Saved entries:
== Segment start ==
lemma cycle_avoiding_in_level:
  assumes "ranked_by pr \<alpha> A G rk TG" "cycle_in G c" "set c \<inter> A = {}"
  shows "cycle_in (TG (rk (c ! 0))) c"
proof -
  define n where "n = length c"
  have n: "n > 0" and edge: "\<And>i. i < n \<Longrightarrow> (c ! i, c ! (Suc i mod n)) \<in> G"
    using assms(2) by (auto simp: cycle_in_def n_def)
  have outside: "c ! i \<notin> A" if "i < n" for i
    using assms(3) that nth_mem[of i c] unfolding n_def by blast
  have descends: "rk (c ! (Suc i mod n)) \<le> rk (c ! i)" if "i < n" for i
    using ranked_byD[OF assms(1) edge[OF that] outside[OF that]] by linarith
  have reach: "rk (c ! ((i + k) mod n)) \<le> rk (c ! i)" if "i < n" for i k
  proof (induction k)
    case (Suc k)
    have "(i + Suc k) mod n = Suc ((i + k) mod n) mod n"
      by (simp add: mod_Suc_eq)
    then have "rk (c ! ((i + Suc k) mod n)) \<le> rk (c ! ((i + k) mod n))"
      using descends[of "(i + k) mod n"] n by simp
    then show ?case
      using Suc by linarith
  qed (use that in simp)
  have around: "(i + (j + n - i)) mod n = j" if "i < n" "j < n" for i j
    using that by simp
  have below: "rk (c ! j) \<le> rk (c ! i)" if "i < n" "j < n" for i j
    using reach[OF that(1), of "j + n - i"] unfolding around[OF that] .
  have level: "rk (c ! j) = rk (c ! i)" if "i < n" "j < n" for i j
    using below[OF that] below[OF that(2,1)] by (rule antisym)
  show ?thesis
    unfolding cycle_in_def
  proof (intro conjI allI impI)
    fix i assume "i < length c"
    then have i: "i < n" by (simp add: n_def)
    moreover have "Suc i mod n < n"
      using n by simp
    ultimately have "rk (c ! (Suc i mod n)) = rk (c ! i)" "rk (c ! i) = rk (c ! 0)"
      using level n by blast+
    then show "(c ! i, c ! (Suc i mod length c)) \<in> TG (rk (c ! 0))"
      using ranked_byD[OF assms(1) edge[OF i] outside[OF i]] by (simp add: n_def)
  qed (use n in \<open>simp add: n_def\<close>)
qed

lemma ranked_by_cycles_won:
  assumes "ranked_by pr \<alpha> A G rk TG"
    and "\<forall>a\<in>A. pr a mod 2 = \<alpha> \<and> (\<forall>v\<in>Domain G. pr v \<le> pr a)"
  shows "cycles_won pr \<alpha> G"
  unfolding cycles_won_iff
proof (intro allI impI)
  fix c assume c: "cycle_in G c"
  show "Max (pr ` set c) mod 2 = \<alpha>"
  proof (cases "set c \<inter> A = {}")
    case True
    then show ?thesis
      using cycle_avoiding_in_level[OF assms(1) c] assms(1)
      unfolding ranked_by_def cycles_won_iff by blast
  next
    case False
    then obtain a where a: "a \<in> set c" "a \<in> A" by blast
    have "Max (pr ` set c) = pr a"
      using a assms(2) cycle_in_set_Domain[OF c]
      by (intro antisym Max.boundedI Max_ge) (auto simp: subset_iff)
    then show ?thesis using a assms(2) by simp
  qed
qed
== Segment end ==
■ **ABOUT THIS EXERCISE**
There is a run of lines above from the one with "then show ?case" to the one with "mod n)) = rk"; print exactly that run, both ends included, and nothing else.

■ **SOLUTION TO THIS TASK**
    then show ?case
      using Suc by linarith
  qed (use that in simp)
  have around: "(i + (j + n - i)) mod n = j" if "i < n" "j < n" for i j
    using that by simp
  have below: "rk (c ! j) \<le> rk (c ! i)" if "i < n" "j < n" for i j
    using reach[OF that(1), of "j + n - i"] unfolding around[OF that] .
  have level: "rk (c ! j) = rk (c ! i)" if "i < n" "j < n" for i j
    using below[OF that] below[OF that(2,1)] by (rule antisym)
  show ?thesis
    unfolding cycle_in_def
  proof (intro conjI allI impI)
    fix i assume "i < length c"
    then have i: "i < n" by (simp add: n_def)
    moreover have "Suc i mod n < n"
      using n by simp
    ultimately have "rk (c ! (Suc i mod n)) = rk (c ! i)" "rk (c ! i) = rk (c ! 0)"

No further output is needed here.